Coal mine emissions make up about 6.7% of Australia's total greenhouse emissions, with environmentally toxic methane gas emissions from underground coal mines contributing to 5.7%.
Toxic emissions from the spontaneous combustion of waste coal contribute an unknown further percentage of total greenhouse gas. With Australia's underground coal mines typically producing around 800,000 tonnes of waste coal per mine per year, all of it vulnerable to spontaneous combustion, there is an urgent need to reduce these emissions.
The coal industry has explored many processes for removing methane from the mine drainage and ventilation systems, including the potential for converting methane in the ventilation system to fuel, but because methane concentrations are usually too low for self-sustaining combustion, and the levels too fluctuating for the constant fuel supply needed to generate power efficiently, the solution has remained to date in the too hard basket.

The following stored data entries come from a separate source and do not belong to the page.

fun subst :: "(nat \<Rightarrow> trm) \<Rightarrow> trm \<Rightarrow> trm" where
  "subst \<sigma> (V x) = \<sigma> x"
| "subst \<sigma> Zr = Zr"
| "subst \<sigma> (Sc t) = Sc (subst \<sigma> t)"
| "subst \<sigma> Nl = Nl"
| "subst \<sigma> (Cs a b) = Cs (subst \<sigma> a) (subst \<sigma> b)"

fun atom_subst :: "(nat \<Rightarrow> trm) \<Rightarrow> atom \<Rightarrow> atom" where
  "atom_subst \<sigma> (Pqs a b c d) = Pqs (subst \<sigma> a) (subst \<sigma> b) (subst \<sigma> c) (subst \<sigma> d)"
| "atom_subst \<sigma> (Pq a b c d) = Pq (subst \<sigma> a) (subst \<sigma> b) (subst \<sigma> c) (subst \<sigma> d)"

definition ground_instances :: "atom \<Rightarrow> atom set" where
  "ground_instances A = {atom_subst \<sigma> A | \<sigma>. ground_atom (atom_subst \<sigma> A)}"

fun num :: "nat \<Rightarrow> trm" where
  "num 0 = Zr"
| "num (Suc n) = Sc (num n)"

text \<open>Prolog list notation [e1,...,en|e] and [e1,...,en].\<close>
definition lst :: "trm list \<Rightarrow> trm \<Rightarrow> trm" where
  "lst es e = foldr Cs es e"

definition list_term :: "trm list \<Rightarrow> trm" where
  "list_term es = lst es Nl"

definition kth_member :: "trm \<Rightarrow> nat \<Rightarrow> trm \<Rightarrow> bool" where
  "kth_member t k e \<longleftrightarrow> k \<ge> 1 \<and> (\<exists>es e'. length es = k - 1 \<and> t = lst (es @ [e]) e')"

definition member :: "trm \<Rightarrow> trm \<Rightarrow> bool" where
  "member e t \<longleftrightarrow> (\<exists>k. kth_member t k e)"

definition distinct_members_list :: "trm \<Rightarrow> bool" where
  "distinct_members_list t \<longleftrightarrow> (\<exists>es. t = list_term es \<and> distinct es)"

text \<open>(cs,us,ds) correct up to m w.r.t. i. Up-diagonal number of j (k-th member of cs)
  is k+j-i, down-diagonal number is k+i-j (integers).\<close>
definition correct_upto :: "trm \<Rightarrow> trm \<Rightarrow> trm \<Rightarrow> nat \<Rightarrow> nat \<Rightarrow> bool" where
  "correct_upto cs us ds m i \<longleftrightarrow>
     m \<le> i \<and> distinct_members_list cs \<and> (\<forall>j\<in>{1..m}. member (num j) cs) \<and>
     (\<forall>j\<in>{1..m}. \<forall>j'\<in>{1..m}. \<forall>k k'. j \<noteq> j' \<and> kth_member cs k (num j) \<and> kth_member cs k' (num j')
        \<longrightarrow> int k + int j - int i \<noteq> int k' + int j' - int i
          \<and> int k + int i - int j \<noteq> int k' + int i - int j') \<and>
     (\<forall>j\<in>{1..m}. \<forall>k. kth_member cs k (num j) \<longrightarrow>
        (int k + int j - int i > 0 \<longrightarrow> kth_member us (nat (int k + int j - int i)) (num j)) \<and>
        (int k + int i - int j > 0 \<longrightarrow> kth_member ds (nat (int k + int i - int j)) (num j)))"

definition S_pq :: "atom set" where
  "S_pq = {Pq i (lst cs (Cs i c)) (lst us (Cs i u)) (lst ds (Cs i d)) | i cs c us u ds d.
      length us = length cs \<and> length ds = length cs \<and>
      ground_atom (Pq i (lst cs (Cs i c)) (lst us (Cs i u)) (lst ds (Cs i d)))}"

definition S_pqs :: "atom set" where
  "S_pqs = {Pqs Zr cs us ds | cs us ds. ground cs \<and> ground us \<and> ground ds}
     \<union> {Pqs (num i) cs us (Cs t ds) | i cs us t ds.
          ground_atom (Pqs (num i) cs us (Cs t ds)) \<and> i > 0 \<and>
          (\<forall>j\<in>{1..i}. member (num j) cs) \<and>
          (distinct_members_list cs \<longrightarrow> correct_upto cs us ds i i)}"

definition S :: "atom set" where
  "S = S_pq \<union> S_pqs"

section \<open>Least Herbrand model of NQUEENS (least set closed under ground instances of C1--C4)\<close>

inductive_set nqueens_lhm :: "atom set" where
  C1: "\<lbrakk>ground x1; ground x2; ground x3\<rbrakk> \<Longrightarrow> Pqs Zr x1 x2 x3 \<in> nqueens_lhm"
| C2: "\<lbrakk>ground x; ground y; Pqs i cs (Cs y us) ds \<in> nqueens_lhm; Pq (Sc i) cs us ds \<in> nqueens_lhm\<rbrakk>
        \<Longrightarrow> Pqs (Sc i) cs us (Cs x ds) \<in> nqueens_lhm"
| C3: "\<lbrakk>ground i; ground x1; ground x2; ground x3\<rbrakk> \<Longrightarrow> Pq i (Cs i x1) (Cs i x2) (Cs i x3) \<in> nqueens_lhm"
| C4: "\<lbrakk>ground x1; ground x2; ground x3; Pq i cs us ds \<in> nqueens_lhm\<rbrakk>
        \<Longrightarrow> Pq i (Cs x1 cs) (Cs x2 us) (Cs x3 ds) \<in> nqueens_lhm"

definition nqueens_answer :: "atom \<Rightarrow> bool" where
  "nqueens_answer Q \<longleftrightarrow> ground_instances Q \<subseteq> nqueens_lhm"

definition queens_solution :: "nat \<Rightarrow> trm \<Rightarrow> bool" where
  "queens_solution n cs \<longleftrightarrow>
     (\<exists>es. cs = list_term es \<and> distinct es \<and> set es = num ` {1..n}) \<and>
     (\<forall>j\<in>{1..n}. \<forall>j'\<in>{1..n}. \<forall>k k'. j \<noteq> j' \<and> kth_member cs k (num j) \<and> kth_member cs k' (num j')
        \<longrightarrow> k \<noteq> k' \<and> k + j \<noteq> k' + j' \<and> int k - int j \<noteq> int k' - int j')"

end

theory Submission
  imports Defs
begin

text \<open>
  NQUEENS is correct with respect to \<open>S\<close> because \<open>S\<close> is closed under its clauses; the
  crucial case is C2. There \<open>pq\<close> has put queen \<open>i+1\<close> into a column \<open>k\<close> whose slots \<open>k\<close>
  in \<open>us\<close> and \<open>ds\<close> hold \<open>i+1\<close> as well. Every earlier queen is recorded in \<open>us\<close> and \<open>ds\<close>
  at its diagonal numbers, and a slot holds only one term, so no earlier queen shares a
  diagonal with queen \<open>i+1\<close>.

  For an atom \<open>pqs(n,cs',us',ds')\<close> all of whose ground instances lie in \<open>S\<close>, the instance
  replacing every variable by \<open>[]\<close> shows that the list \<open>cs'\<close> of length \<open>n\<close> contains
  \<open>1,\<dots>,n\<close>, so it is a permutation of them, and correctness up to \<open>n\<close> is then exactly the
  non-attack condition.
\<close>

lemma lst_simps [simp]: "lst [] r = r" "lst (x # xs) r = Cs x (lst xs r)"
  by (simp_all add: lst_def)

lemma lst_append [simp]: "lst (xs @ ys) r = lst xs (lst ys r)"
  by (simp add: lst_def)

lemma kth_member_iff_lst: "kth_member t k e \<longleftrightarrow> (\<exists>es e'. k = Suc (length es) \<and> t = lst es (Cs e e'))"
proof
  assume "kth_member t k e"
  then obtain es e' where "1 \<le> k" "length es = k - 1" "t = lst es (Cs e e')"
    by (auto simp: kth_member_def)
  then show "\<exists>es e'. k = Suc (length es) \<and> t = lst es (Cs e e')"
    by (intro exI[of _ es] exI[of _ e']) auto
qed (auto simp: kth_member_def)

lemma kth_member_is_Cs:
  assumes "kth_member t k e"
  shows "\<exists>a t'. t = Cs a t'"
proof -
  obtain es e' where "t = lst es (Cs e e')"
    using assms by (auto simp: kth_member_iff_lst)
  then show ?thesis by (cases es) auto
qed

lemma kth_member_Cs_1 [simp]: "kth_member (Cs a t) (Suc 0) e \<longleftrightarrow> e = a"
  by (auto simp: kth_member_iff_lst)

lemma kth_member_Cs_Suc [simp]: "kth_member (Cs a t) (Suc (Suc k)) e \<longleftrightarrow> kth_member t (Suc k) e"
proof
  assume "kth_member (Cs a t) (Suc (Suc k)) e"
  then obtain es e' where "Suc k = length es" "Cs a t = lst es (Cs e e')"
    by (auto simp: kth_member_iff_lst)
  then show "kth_member t (Suc k) e"
    by (cases es) (auto simp: kth_member_iff_lst)
next
  assume "kth_member t (Suc k) e"
  then obtain es e' where "k = length es" "t = lst es (Cs e e')"
    by (auto simp: kth_member_iff_lst)
  then show "kth_member (Cs a t) (Suc (Suc k)) e"
    by (auto simp: kth_member_iff_lst intro!: exI[of _ "a # es"])
qed

lemma kth_member_pos: "kth_member t k e \<Longrightarrow> 0 < k"
  by (auto simp: kth_member_iff_lst)

lemma kth_member_Cs_SucI: "kth_member t k e \<Longrightarrow> kth_member (Cs a t) (Suc k) e"
  using kth_member_pos gr0_conv_Suc kth_member_Cs_Suc by metis

lemma kth_member_unique: "kth_member t k e \<Longrightarrow> kth_member t k e' \<Longrightarrow> e = e'"
proof (induction t arbitrary: k)
  case (Cs a t)
  then obtain k' where "k = Suc k'" using kth_member_pos gr0_conv_Suc by blast
  with Cs show ?case by (cases k') auto
qed (auto dest: kth_member_is_Cs)

lemma kth_member_list_term:
  "kth_member (list_term es) (Suc i) e \<longleftrightarrow> i < length es \<and> es ! i = e"
proof (induction es arbitrary: i)
  case Nil
  then show ?case by (auto simp: list_term_def dest: kth_member_is_Cs)
next
  case (Cons a es)
  then show ?case
    by (cases i) (auto simp: list_term_def)
qed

Although several waste coal burning coal technologies already exist, ComEnergy designed and developed a plant with new technology that allows waste coal and methane to be burnt efficiently to produce electricity.
It is a simple, flexible and inexpensive process, with a typical plant producing 10 megawatts of electricity, which can be used to power the mine's own operations, and the surplus fed back into the power grid for general consumption.
The system has the potential not only of reducing emissions from coal mines, but also significantly reducing greenhouse effects by displacing hundreds of megawatts of electricity already in the power grid with electricity fuelled by burnt methane.